Abstract

This chapter looks at a period with a decisive role in the formation of what we understand today as 'Greek lyric poetry'. The importance of this period is no smaller than and certainly not independent from other decisive periods in the creation of the idea of early Greek lyric, most notably those associated with Hellenistic scholarship, Roman poetry and the literature and criticism of later antiquity. To use post-Romantic period terminology, the era examined here spans from the emergence of Renaissance humanism to the classicism of the seventeenth century and the neo-classicism and early romanticism of the eighteenth century.

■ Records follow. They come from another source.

(* Degenerate intervals of a tagged division may overlap the others, so they are dropped;
   this is harmless for sums of terms phi (Inf K) (Sup K) that vanish on them. *)
lemma tagged_division_of_subset_enumerate:
  assumes D: "D tagged_division_of {a..b::real}" and "D' \<subseteq> D"
  obtains n :: nat and u v :: "nat \<Rightarrow> real" where
    "\<And>i. i < n \<Longrightarrow> a \<le> u i \<and> u i < v i \<and> v i \<le> b"
    "\<And>i j. i < n \<Longrightarrow> j < n \<Longrightarrow> i \<noteq> j \<Longrightarrow> v i \<le> u j \<or> v j \<le> u i"
    "\<And>i. i < n \<Longrightarrow> \<exists>p\<in>D'. snd p = {u i..v i}"
    "\<And>\<phi> :: real \<Rightarrow> real \<Rightarrow> real. (\<And>c. \<phi> c c = 0) \<Longrightarrow>
       (\<Sum>p\<in>D'. \<phi> (Inf (snd p)) (Sup (snd p))) = (\<Sum>i<n. \<phi> (u i) (v i))"
proof -
  define E where "E = {p \<in> D'. Inf (snd p) < Sup (snd p)}"
  have "finite E"
    using tagged_division_of_finite[OF D] \<open>D' \<subseteq> D\<close> unfolding E_def by (auto intro: finite_subset)
  then obtain \<sigma> where \<sigma>: "bij_betw \<sigma> {..<card E} E"
    using ex_bij_betw_nat_finite lessThan_atLeast0 by metis
  define u where "u i = Inf (snd (\<sigma> i))" for i
  define v where "v i = Sup (snd (\<sigma> i))" for i
  have \<sigma>E: "\<sigma> i \<in> E" if "i < card E" for i
    using \<sigma> that by (auto simp: bij_betw_def)
  have interval: "snd (\<sigma> i) = {u i..v i} \<and> a \<le> u i \<and> u i < v i \<and> v i \<le> b" if "i < card E" for i
  proof -
    have "\<sigma> i \<in> D" "Inf (snd (\<sigma> i)) < Sup (snd (\<sigma> i))"
      using \<sigma>E[OF that] \<open>D' \<subseteq> D\<close> by (auto simp: E_def)
    moreover obtain x y where "snd (\<sigma> i) = {x..y}" "x \<le> y" "a \<le> x" "y \<le> b"
      using tagged_division_of_IccE[OF D \<open>\<sigma> i \<in> D\<close>] by (metis order_trans)
    ultimately show ?thesis
      by (auto simp: u_def v_def)
  qed
  show thesis
  proof (rule that[of "card E" u v])
    show "a \<le> u i \<and> u i < v i \<and> v i \<le> b" if "i < card E" for i
      using interval[OF that] by blast
    show "\<exists>p\<in>D'. snd p = {u i..v i}" if "i < card E" for i
      using interval[OF that] \<sigma>E[OF that] by (auto simp: E_def)
    show "v i \<le> u j \<or> v j \<le> u i" if "i < card E" "j < card E" "i \<noteq> j" for i j
    proof (rule Ioo_disjoint_imp_ordered)
      have "\<sigma> i \<noteq> \<sigma> j" "\<sigma> i \<in> D" "\<sigma> j \<in> D"
        using \<sigma> \<sigma>E that \<open>D' \<subseteq> D\<close> by (auto simp: bij_betw_def inj_on_def E_def)
      then have "interior (snd (\<sigma> i)) \<inter> interior (snd (\<sigma> j)) = {}"
        using tagged_division_ofD(5)[OF D, of "fst (\<sigma> i)" "snd (\<sigma> i)" "fst (\<sigma> j)" "snd (\<sigma> j)"]
        by (simp add: prod_eq_iff)
      then show "{u i<..<v i} \<inter> {u j<..<v j} = {}"
        using interval[OF that(1)] interval[OF that(2)] by simp
    qed (use interval[OF that(1)] interval[OF that(2)] in auto)
    fix \<phi> :: "real \<Rightarrow> real \<Rightarrow> real" assume "\<And>c. \<phi> c c = 0"
    have "\<phi> (Inf (snd p)) (Sup (snd p)) = 0" if "p \<in> D' - E" for p
    proof -
      have "p \<in> D"
        using that \<open>D' \<subseteq> D\<close> by blast
      then obtain x y where "snd p = {x..y}" "x \<le> y"
        using tagged_division_of_IccE[OF D] by (metis order_trans)
      with that show ?thesis
        using \<open>\<And>c. \<phi> c c = 0\<close> by (auto simp: E_def)
    qed
    then have "(\<Sum>p\<in>D'. \<phi> (Inf (snd p)) (Sup (snd p))) = (\<Sum>p\<in>E. \<phi> (Inf (snd p)) (Sup (snd p)))"
      using tagged_division_of_finite[OF D] \<open>D' \<subseteq> D\<close>
      by (intro sum.mono_neutral_right) (auto simp: E_def intro: finite_subset)
    also have "\<dots> = (\<Sum>i<card E. \<phi> (u i) (v i))"
      using sum.reindex_bij_betw[OF \<sigma>, of "\<lambda>p. \<phi> (Inf (snd p)) (Sup (snd p))"]
      by (simp add: u_def v_def)
    finally show "(\<Sum>p\<in>D'. \<phi> (Inf (snd p)) (Sup (snd p))) = (\<Sum>i<card E. \<phi> (u i) (v i))" .
  qed
qed

lemma abs_continuous_on_tagged_division_sum_less:
  assumes "abs_continuous_on a b f" "0 < e"
  obtains d where "0 < d"
    "\<And>D D' U. D tagged_division_of {a..b} \<Longrightarrow> D' \<subseteq> D \<Longrightarrow> U \<in> lmeasurable \<Longrightarrow>
       measure lebesgue U < d \<Longrightarrow> (\<And>p. p \<in> D' \<Longrightarrow> snd p \<subseteq> U) \<Longrightarrow>
       (\<Sum>p\<in>D'. norm (f (Sup (snd p)) - f (Inf (snd p)))) < e"
proof -
  obtain d where "0 < d" and small: "\<And>(n::nat) u v.
       (\<And>i. i < n \<Longrightarrow> a \<le> u i \<and> u i \<le> v i \<and> v i \<le> b) \<Longrightarrow>
       (\<And>i j. i < n \<Longrightarrow> j < n \<Longrightarrow> i \<noteq> j \<Longrightarrow> v i \<le> u j \<or> v j \<le> u i) \<Longrightarrow>
       (\<Sum>i<n. v i - u i) < d \<Longrightarrow> (\<Sum>i<n. norm (f (v i) - f (u i))) < e"
    using abs_continuous_onE[OF assms] by blast
  show thesis
  proof (rule that[OF \<open>0 < d\<close>])
    fix D D' U
    assume D: "D tagged_division_of {a..b}" and "D' \<subseteq> D" and U: "U \<in> lmeasurable"
      "measure lebesgue U < d" and D'U: "\<And>p. p \<in> D' \<Longrightarrow> snd p \<subseteq> U"
    show "(\<Sum>p\<in>D'. norm (f (Sup (snd p)) - f (Inf (snd p)))) < e"
    proof (rule tagged_division_of_subset_enumerate[OF D \<open>D' \<subseteq> D\<close>])
      fix n :: nat and u v :: "nat \<Rightarrow> real"
      assume uv: "\<And>i. i < n \<Longrightarrow> a \<le> u i \<and> u i < v i \<and> v i \<le> b"
        and disjoint: "\<And>i j. i < n \<Longrightarrow> j < n \<Longrightarrow> i \<noteq> j \<Longrightarrow> v i \<le> u j \<or> v j \<le> u i"
        and in_D': "\<And>i. i < n \<Longrightarrow> \<exists>p\<in>D'. snd p = {u i..v i}"
        and sum_eq: "\<And>\<phi> :: real \<Rightarrow> real \<Rightarrow> real. (\<And>c. \<phi> c c = 0) \<Longrightarrow>
          (\<Sum>p\<in>D'. \<phi> (Inf (snd p)) (Sup (snd p))) = (\<Sum>i<n. \<phi> (u i) (v i))"
      have "(\<Sum>i<n. v i - u i) \<le> measure lebesgue U"
      proof (rule sum_interval_lengths_le_measure)
        show "u i \<le> v i" if "i < n" for i
          using uv[OF that] by simp
        show "{u i..v i} \<subseteq> U" if "i < n" for i
          using in_D'[OF that] D'U by blast
      qed (use disjoint U(1) in auto)
      then have "(\<Sum>i<n. norm (f (v i) - f (u i))) < e"
        using uv disjoint U(2) by (intro small) (auto simp: less_imp_le)
      then show "(\<Sum>p\<in>D'. norm (f (Sup (snd p)) - f (Inf (snd p)))) < e"
        using sum_eq[of "\<lambda>x y. norm (f y - f x)"] by simp
    qed
  qed
qed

The period under consideration begins with the appearance of the first printed editions and translations of Greek lyric poets in the sixteenth century. The invention of the printing press had an instrumental role in the rediscovery of Greek lyric poets and their dissemination as a collective body of poetry, as did the emergence and consolidation of lyric as a distinct genre of modern European poetry and literary theory. Greek lyric poetry had not entered the didactic, rhetorical and poetic canons of the Middle Ages in the West for a host of reasons related to its linguistic and metrical features and its thematic and generic preoccupations. Before the sixteenth century and the arrival from the East of learned scholars and important manuscripts, Greek lyric poets were virtually unknown, and their names were recycled largely for the attention they received in more canonical authors such as Horace and Cicero.